*Task*
Retype only the lines at the head of the records, first through the one with "obtain R1 N", exactly as written.

*Study material*

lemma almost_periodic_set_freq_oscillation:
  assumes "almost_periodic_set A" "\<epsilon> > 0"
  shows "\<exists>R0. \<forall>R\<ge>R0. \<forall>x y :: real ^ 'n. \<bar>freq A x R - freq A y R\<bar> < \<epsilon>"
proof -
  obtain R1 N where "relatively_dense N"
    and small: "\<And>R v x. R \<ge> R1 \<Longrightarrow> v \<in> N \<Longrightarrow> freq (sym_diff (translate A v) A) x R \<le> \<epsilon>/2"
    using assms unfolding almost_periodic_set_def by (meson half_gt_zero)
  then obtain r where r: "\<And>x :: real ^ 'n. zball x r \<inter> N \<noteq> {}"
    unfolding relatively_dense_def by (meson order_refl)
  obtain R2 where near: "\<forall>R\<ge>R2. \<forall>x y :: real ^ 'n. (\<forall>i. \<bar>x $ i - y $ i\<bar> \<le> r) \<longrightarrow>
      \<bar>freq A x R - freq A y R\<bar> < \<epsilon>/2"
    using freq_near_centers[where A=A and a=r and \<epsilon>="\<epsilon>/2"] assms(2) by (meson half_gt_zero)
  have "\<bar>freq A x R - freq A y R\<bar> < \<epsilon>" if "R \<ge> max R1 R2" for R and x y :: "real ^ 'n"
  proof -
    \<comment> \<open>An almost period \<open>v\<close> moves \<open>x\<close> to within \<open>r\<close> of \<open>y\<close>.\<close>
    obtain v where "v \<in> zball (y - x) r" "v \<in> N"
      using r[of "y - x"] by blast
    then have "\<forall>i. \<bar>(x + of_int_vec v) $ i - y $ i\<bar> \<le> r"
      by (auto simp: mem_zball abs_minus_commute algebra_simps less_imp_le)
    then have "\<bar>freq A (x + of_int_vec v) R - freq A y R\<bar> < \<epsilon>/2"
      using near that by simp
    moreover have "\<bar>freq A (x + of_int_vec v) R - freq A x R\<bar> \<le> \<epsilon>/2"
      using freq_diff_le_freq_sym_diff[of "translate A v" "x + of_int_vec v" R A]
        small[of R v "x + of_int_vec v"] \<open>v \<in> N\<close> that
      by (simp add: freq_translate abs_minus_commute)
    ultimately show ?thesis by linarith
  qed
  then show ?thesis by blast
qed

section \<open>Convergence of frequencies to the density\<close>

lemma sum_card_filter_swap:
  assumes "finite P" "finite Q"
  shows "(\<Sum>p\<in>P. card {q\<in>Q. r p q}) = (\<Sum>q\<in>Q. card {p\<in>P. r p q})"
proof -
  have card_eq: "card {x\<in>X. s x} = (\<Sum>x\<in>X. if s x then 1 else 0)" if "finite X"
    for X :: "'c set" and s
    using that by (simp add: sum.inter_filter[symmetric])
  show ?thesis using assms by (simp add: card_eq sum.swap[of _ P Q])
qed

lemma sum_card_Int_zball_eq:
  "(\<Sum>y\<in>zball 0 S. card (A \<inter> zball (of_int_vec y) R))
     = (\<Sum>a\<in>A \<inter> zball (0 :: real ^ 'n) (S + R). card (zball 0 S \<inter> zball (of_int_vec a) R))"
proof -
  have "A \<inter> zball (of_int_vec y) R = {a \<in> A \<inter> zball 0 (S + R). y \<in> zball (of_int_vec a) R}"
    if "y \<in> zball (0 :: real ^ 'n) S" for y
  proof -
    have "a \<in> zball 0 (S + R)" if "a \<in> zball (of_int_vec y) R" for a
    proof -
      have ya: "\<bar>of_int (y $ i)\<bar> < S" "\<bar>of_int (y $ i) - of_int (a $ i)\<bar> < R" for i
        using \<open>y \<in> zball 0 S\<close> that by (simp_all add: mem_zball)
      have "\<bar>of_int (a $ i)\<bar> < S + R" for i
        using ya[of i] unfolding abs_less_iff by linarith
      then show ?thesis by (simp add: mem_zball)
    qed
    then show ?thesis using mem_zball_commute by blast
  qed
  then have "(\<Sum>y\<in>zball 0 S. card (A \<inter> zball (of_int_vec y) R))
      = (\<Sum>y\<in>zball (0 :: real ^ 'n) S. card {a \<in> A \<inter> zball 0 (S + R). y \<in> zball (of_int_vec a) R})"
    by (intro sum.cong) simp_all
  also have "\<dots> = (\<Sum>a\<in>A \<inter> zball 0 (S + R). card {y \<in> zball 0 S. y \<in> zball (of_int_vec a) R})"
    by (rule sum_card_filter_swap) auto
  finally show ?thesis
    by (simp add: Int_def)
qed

*Solution for this task*
lemma almost_periodic_set_freq_oscillation:
  assumes "almost_periodic_set A" "\<epsilon> > 0"
  shows "\<exists>R0. \<forall>R\<ge>R0. \<forall>x y :: real ^ 'n. \<bar>freq A x R - freq A y R\<bar> < \<epsilon>"
proof -
  obtain R1 N where "relatively_dense N"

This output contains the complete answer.